Problem description:
The lines to copy are those holding the string "individual" in the entries below.

Dataset records
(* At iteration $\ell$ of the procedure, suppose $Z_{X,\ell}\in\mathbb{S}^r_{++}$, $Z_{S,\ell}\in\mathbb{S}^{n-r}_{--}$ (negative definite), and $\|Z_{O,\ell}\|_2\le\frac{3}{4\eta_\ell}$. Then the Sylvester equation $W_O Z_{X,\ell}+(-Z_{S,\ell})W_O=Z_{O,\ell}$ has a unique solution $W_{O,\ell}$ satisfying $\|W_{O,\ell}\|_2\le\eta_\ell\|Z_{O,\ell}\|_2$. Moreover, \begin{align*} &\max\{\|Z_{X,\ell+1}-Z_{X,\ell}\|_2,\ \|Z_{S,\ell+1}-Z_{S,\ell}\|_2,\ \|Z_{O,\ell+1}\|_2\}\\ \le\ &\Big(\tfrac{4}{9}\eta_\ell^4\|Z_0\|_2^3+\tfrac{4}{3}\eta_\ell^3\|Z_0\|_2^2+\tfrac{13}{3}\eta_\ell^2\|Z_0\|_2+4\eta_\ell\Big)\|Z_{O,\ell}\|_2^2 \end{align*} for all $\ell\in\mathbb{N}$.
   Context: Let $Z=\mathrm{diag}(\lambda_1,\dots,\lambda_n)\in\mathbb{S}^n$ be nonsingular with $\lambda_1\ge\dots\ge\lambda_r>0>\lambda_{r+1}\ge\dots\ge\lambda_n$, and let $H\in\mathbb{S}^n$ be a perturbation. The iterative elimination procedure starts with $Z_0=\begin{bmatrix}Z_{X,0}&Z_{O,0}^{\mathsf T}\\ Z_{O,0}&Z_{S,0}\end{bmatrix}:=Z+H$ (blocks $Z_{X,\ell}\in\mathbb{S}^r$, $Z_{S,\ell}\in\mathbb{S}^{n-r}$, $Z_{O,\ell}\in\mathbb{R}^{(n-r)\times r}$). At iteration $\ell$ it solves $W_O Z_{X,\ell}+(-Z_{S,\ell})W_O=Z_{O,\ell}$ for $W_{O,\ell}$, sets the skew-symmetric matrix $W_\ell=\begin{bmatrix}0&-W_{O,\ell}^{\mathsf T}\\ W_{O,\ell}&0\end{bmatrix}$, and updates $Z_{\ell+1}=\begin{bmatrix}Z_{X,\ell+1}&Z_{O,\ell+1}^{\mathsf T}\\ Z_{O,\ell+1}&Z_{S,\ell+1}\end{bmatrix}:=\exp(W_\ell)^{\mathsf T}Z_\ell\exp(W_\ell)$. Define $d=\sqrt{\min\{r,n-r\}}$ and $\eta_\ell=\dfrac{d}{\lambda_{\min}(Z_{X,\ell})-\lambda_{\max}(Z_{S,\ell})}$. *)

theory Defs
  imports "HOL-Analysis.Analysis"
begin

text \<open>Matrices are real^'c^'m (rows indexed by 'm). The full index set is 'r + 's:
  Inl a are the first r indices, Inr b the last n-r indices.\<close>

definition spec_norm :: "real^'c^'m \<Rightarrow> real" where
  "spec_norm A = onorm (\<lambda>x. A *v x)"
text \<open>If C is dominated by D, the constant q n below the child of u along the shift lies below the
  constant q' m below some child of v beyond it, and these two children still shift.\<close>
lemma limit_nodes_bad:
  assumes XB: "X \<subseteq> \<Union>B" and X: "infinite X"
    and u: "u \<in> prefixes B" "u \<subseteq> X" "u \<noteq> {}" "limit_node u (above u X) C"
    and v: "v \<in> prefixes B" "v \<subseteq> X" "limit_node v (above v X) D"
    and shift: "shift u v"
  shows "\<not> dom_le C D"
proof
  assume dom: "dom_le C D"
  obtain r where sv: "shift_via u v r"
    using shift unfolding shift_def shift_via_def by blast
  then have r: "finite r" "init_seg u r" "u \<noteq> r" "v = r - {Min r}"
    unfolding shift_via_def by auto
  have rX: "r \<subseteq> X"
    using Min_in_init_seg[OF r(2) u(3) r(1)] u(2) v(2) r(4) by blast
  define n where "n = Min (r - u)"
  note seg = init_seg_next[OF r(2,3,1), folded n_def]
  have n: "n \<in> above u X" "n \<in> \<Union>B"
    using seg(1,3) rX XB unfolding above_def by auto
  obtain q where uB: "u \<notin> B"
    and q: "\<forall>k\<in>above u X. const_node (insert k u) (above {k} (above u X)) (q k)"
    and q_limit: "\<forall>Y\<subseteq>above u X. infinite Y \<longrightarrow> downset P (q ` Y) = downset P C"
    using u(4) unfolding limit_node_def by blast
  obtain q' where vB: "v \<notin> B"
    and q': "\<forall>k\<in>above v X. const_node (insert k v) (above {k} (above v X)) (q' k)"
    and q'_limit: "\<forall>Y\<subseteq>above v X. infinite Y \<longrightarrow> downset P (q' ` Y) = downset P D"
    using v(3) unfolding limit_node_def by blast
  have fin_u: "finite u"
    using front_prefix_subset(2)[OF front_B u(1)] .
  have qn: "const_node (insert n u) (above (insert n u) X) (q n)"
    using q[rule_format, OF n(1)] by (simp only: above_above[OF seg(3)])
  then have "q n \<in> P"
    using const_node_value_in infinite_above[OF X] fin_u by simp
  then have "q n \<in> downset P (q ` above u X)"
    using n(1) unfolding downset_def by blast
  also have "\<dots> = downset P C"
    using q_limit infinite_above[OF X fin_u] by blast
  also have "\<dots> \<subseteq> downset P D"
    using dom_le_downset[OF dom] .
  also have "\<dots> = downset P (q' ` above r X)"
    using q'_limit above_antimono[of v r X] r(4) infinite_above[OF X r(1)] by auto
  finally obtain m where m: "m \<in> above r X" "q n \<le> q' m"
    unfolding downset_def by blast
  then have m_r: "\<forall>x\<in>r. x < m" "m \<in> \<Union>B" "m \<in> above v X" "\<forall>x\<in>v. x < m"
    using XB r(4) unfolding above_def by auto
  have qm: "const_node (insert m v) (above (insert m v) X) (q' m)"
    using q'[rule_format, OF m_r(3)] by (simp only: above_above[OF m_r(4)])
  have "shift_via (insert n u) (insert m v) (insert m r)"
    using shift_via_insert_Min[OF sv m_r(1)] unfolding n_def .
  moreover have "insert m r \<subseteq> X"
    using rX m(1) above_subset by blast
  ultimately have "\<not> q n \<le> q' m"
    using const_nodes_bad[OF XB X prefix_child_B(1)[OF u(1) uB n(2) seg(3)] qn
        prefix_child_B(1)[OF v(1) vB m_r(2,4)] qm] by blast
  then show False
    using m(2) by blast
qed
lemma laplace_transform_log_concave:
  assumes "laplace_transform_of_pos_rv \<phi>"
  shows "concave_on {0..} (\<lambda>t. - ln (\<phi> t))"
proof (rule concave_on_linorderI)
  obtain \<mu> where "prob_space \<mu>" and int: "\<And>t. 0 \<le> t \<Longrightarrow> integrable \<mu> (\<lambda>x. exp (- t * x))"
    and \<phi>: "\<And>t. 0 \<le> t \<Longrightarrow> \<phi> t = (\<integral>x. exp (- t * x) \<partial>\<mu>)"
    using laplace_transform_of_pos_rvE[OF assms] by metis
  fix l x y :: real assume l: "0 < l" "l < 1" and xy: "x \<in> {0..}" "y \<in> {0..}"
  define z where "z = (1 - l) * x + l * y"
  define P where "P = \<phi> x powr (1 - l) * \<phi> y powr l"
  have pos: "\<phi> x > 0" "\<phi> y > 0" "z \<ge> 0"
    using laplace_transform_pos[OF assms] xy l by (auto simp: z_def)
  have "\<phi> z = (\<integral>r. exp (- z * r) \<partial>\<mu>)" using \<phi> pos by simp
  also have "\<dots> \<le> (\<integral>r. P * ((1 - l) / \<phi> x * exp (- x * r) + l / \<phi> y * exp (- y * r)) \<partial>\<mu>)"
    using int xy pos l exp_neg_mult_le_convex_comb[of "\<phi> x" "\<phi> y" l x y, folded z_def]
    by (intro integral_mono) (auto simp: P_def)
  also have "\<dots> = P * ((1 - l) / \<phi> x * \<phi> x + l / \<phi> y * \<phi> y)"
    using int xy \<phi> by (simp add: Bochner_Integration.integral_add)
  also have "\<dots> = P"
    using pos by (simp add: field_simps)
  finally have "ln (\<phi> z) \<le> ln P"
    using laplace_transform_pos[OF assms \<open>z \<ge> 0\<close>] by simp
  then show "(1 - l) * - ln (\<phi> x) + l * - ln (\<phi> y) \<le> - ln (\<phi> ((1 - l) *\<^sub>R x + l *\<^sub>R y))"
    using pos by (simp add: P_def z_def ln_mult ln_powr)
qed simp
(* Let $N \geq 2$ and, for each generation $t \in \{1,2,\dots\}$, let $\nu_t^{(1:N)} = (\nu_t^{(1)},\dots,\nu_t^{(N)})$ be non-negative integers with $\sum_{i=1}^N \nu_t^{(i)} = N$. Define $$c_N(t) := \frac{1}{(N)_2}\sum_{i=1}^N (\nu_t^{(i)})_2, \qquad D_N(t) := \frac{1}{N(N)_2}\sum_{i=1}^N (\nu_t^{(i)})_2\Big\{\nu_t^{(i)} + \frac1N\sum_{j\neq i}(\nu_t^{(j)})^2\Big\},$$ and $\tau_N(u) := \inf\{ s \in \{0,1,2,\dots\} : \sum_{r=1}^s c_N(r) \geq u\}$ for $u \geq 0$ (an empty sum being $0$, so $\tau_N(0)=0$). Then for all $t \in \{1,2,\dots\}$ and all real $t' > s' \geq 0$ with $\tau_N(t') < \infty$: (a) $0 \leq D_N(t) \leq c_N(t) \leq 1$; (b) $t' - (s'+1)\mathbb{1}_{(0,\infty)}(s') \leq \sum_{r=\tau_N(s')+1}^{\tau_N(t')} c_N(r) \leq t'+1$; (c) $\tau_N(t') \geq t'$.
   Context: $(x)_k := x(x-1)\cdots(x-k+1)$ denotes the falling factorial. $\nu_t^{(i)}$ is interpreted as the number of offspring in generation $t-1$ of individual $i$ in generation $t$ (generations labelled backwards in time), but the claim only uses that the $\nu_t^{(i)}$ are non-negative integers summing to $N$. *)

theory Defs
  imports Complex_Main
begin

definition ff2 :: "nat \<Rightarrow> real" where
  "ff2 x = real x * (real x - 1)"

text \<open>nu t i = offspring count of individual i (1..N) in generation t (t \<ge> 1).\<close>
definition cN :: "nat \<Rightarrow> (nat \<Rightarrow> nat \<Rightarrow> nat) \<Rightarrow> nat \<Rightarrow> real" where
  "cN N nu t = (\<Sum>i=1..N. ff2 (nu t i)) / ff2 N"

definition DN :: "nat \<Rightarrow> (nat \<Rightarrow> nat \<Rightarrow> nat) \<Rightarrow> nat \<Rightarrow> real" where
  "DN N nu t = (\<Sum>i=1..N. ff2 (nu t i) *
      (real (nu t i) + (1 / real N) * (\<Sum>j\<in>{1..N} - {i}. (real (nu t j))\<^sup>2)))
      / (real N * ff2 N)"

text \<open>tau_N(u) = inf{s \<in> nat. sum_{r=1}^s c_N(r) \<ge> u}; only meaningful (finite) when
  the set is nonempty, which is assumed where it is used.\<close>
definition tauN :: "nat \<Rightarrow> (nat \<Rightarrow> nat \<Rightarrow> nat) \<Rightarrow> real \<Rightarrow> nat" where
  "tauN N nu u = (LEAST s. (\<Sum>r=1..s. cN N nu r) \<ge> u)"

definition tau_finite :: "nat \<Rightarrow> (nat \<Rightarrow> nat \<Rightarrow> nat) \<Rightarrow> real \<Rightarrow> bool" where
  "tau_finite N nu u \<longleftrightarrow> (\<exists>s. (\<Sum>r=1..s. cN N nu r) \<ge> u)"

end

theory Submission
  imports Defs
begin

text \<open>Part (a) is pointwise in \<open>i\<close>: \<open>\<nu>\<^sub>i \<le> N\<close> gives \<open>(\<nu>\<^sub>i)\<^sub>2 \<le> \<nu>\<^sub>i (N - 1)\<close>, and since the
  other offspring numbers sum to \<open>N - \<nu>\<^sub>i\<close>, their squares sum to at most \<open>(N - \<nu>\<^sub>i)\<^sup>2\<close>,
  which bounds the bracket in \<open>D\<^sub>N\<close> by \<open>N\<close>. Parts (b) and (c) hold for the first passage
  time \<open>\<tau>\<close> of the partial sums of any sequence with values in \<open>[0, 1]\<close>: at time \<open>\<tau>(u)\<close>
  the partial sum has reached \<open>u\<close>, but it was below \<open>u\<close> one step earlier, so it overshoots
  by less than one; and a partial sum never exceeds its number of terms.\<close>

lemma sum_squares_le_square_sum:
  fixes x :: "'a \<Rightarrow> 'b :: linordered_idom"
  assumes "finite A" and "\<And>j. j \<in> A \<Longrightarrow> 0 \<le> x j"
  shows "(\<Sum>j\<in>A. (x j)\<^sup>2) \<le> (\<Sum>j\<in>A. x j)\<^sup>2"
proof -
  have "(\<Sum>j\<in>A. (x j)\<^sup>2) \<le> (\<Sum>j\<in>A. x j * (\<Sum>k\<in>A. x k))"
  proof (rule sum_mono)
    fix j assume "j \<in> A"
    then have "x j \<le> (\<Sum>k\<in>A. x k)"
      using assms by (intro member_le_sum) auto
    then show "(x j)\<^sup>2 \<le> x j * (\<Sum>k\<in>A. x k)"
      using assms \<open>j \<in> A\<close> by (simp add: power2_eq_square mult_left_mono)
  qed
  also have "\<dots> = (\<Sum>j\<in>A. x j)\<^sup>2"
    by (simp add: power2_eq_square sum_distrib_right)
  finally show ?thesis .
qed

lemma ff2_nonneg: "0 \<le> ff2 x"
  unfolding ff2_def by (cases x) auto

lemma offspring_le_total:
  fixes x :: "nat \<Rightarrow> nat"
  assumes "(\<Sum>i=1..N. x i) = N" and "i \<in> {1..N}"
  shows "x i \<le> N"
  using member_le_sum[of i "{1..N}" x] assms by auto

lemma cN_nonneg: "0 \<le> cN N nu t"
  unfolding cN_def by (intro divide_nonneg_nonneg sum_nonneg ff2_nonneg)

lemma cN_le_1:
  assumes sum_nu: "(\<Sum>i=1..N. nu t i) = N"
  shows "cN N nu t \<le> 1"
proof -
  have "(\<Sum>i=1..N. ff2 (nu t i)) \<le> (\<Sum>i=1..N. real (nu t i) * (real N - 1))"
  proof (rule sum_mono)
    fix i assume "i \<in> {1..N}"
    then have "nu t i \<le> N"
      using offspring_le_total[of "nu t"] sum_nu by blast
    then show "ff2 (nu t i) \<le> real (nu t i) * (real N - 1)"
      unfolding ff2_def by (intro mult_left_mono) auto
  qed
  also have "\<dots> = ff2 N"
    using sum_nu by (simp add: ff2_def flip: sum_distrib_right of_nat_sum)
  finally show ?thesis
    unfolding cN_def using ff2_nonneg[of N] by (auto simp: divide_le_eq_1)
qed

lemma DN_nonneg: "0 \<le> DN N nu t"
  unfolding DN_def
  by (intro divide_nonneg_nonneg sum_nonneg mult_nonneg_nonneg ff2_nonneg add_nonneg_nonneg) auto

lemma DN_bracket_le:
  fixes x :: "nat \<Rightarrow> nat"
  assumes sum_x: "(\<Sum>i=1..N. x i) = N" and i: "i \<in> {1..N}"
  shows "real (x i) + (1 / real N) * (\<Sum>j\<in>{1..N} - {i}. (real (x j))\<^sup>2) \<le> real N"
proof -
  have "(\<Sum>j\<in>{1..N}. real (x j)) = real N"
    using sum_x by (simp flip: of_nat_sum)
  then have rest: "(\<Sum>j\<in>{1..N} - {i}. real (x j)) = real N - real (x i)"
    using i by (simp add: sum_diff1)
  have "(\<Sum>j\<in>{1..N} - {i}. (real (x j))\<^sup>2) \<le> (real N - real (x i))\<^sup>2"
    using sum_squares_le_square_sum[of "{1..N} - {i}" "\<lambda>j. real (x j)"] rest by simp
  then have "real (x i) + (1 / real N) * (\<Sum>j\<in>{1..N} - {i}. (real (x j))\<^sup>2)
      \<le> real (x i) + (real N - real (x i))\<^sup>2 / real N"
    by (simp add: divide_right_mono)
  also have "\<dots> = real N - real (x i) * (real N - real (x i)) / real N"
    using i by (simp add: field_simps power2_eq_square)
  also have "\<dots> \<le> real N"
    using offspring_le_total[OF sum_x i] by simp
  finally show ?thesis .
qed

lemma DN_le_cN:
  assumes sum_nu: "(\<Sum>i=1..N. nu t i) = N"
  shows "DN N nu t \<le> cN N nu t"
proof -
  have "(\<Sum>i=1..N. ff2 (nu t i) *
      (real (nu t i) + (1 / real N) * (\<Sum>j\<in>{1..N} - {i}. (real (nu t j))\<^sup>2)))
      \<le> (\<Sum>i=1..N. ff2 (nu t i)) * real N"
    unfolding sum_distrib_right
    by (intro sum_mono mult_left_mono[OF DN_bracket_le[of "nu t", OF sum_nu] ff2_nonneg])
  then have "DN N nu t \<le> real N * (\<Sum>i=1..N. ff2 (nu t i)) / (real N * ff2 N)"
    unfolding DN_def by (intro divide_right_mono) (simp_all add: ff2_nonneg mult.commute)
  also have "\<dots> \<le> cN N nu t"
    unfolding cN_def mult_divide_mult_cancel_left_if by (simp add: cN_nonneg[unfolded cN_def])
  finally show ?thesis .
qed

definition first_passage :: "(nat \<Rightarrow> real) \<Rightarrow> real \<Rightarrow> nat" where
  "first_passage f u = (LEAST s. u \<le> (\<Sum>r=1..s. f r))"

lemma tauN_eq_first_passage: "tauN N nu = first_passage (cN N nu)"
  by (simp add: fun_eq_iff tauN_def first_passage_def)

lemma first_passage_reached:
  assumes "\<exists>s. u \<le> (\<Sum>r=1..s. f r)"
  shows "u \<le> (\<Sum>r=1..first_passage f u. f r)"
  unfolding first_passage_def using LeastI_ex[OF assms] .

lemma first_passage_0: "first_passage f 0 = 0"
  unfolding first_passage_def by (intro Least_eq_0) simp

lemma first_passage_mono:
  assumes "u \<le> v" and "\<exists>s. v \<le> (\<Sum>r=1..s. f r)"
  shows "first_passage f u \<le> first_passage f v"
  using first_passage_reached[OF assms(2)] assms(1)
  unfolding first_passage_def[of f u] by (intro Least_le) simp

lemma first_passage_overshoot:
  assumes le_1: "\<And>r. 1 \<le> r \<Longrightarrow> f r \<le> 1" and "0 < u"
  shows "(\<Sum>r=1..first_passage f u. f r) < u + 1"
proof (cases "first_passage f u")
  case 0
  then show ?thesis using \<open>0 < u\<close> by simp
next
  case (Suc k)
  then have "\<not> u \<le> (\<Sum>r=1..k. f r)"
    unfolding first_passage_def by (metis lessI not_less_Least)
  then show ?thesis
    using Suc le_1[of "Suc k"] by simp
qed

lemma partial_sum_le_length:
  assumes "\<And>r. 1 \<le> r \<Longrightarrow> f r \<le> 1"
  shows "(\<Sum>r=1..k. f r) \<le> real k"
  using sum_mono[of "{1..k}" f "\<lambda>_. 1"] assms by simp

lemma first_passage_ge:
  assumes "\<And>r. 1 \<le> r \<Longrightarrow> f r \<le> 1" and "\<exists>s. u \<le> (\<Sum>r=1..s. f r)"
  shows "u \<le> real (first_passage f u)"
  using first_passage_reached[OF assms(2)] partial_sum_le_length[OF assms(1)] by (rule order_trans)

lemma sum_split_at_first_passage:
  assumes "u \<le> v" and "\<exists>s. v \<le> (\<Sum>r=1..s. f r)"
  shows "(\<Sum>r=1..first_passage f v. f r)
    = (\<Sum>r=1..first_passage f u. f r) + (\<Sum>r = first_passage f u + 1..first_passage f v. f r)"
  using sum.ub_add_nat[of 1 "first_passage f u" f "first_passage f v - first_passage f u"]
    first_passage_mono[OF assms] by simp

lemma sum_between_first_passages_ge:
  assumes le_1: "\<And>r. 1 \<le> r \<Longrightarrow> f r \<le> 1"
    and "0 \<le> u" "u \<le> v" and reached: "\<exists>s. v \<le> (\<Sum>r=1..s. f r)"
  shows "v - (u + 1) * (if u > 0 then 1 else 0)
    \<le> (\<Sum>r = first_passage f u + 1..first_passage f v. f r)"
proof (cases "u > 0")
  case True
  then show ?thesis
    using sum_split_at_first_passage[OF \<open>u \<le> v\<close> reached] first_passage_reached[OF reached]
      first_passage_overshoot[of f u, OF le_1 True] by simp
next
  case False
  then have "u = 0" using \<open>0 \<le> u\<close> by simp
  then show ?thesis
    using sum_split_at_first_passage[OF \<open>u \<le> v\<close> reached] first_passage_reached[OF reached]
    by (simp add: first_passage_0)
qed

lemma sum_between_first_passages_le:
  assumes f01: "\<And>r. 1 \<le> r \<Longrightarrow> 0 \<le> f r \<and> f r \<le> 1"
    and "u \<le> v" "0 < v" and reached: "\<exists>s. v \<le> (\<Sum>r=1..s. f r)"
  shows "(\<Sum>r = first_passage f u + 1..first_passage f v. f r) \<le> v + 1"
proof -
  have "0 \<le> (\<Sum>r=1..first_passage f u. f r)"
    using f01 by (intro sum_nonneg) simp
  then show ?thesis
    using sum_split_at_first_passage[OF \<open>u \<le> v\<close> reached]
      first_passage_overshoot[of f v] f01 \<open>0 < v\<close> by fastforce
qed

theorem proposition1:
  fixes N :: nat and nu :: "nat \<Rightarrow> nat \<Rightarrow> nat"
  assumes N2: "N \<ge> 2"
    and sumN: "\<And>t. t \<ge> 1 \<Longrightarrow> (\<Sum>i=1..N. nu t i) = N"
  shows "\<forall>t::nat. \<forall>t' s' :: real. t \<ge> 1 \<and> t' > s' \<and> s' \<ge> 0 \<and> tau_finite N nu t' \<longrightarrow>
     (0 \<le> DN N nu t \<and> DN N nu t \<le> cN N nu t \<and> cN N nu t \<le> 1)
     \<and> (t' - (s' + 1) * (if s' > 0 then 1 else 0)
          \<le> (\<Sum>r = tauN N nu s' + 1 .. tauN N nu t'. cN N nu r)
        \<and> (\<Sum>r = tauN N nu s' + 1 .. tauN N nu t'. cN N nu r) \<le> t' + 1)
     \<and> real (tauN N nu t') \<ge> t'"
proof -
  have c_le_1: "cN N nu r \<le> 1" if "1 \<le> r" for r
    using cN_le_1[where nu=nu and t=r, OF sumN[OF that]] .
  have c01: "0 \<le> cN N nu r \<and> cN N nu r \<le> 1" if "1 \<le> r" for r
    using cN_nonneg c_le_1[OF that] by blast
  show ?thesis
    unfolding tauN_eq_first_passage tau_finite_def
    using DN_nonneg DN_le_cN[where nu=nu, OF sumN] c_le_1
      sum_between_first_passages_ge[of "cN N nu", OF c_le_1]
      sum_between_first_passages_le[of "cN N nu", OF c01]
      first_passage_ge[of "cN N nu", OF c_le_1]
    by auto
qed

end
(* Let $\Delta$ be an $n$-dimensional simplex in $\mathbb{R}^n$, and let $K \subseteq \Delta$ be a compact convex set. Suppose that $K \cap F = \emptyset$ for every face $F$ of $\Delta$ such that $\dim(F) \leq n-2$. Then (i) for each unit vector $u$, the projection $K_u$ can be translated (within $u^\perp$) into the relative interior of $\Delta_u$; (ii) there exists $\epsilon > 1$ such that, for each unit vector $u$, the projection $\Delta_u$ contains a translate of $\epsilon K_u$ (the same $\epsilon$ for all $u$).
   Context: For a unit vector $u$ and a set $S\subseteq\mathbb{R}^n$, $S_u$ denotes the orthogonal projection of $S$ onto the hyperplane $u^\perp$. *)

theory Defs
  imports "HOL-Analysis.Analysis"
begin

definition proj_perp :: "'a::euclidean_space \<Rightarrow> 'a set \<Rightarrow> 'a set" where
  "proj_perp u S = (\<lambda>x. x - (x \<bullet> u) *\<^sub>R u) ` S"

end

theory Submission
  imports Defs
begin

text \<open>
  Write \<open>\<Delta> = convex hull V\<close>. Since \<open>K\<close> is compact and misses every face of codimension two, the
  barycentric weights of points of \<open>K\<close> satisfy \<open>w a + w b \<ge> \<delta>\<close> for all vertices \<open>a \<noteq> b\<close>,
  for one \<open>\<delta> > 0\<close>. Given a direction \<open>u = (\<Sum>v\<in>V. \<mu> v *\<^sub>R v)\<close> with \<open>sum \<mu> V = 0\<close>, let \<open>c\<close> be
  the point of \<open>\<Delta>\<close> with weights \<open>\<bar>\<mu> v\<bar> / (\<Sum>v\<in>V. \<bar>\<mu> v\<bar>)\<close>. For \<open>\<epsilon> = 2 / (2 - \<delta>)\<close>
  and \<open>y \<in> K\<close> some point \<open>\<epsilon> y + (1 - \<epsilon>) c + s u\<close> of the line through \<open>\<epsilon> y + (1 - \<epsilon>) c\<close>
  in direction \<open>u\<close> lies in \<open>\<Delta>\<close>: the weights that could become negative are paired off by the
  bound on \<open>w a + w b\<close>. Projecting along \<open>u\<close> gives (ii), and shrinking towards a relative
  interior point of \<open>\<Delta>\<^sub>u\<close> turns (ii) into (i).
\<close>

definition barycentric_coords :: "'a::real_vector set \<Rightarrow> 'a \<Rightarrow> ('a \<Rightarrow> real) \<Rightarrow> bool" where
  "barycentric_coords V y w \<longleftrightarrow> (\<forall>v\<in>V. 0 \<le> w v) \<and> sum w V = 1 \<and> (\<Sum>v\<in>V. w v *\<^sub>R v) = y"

Answer to the exercise:
   Context: $(x)_k := x(x-1)\cdots(x-k+1)$ denotes the falling factorial. $\nu_t^{(i)}$ is interpreted as the number of offspring in generation $t-1$ of individual $i$ in generation $t$ (generations labelled backwards in time), but the claim only uses that the $\nu_t^{(i)}$ are non-negative integers summing to $N$. *)
text \<open>nu t i = offspring count of individual i (1..N) in generation t (t \<ge> 1).\<close>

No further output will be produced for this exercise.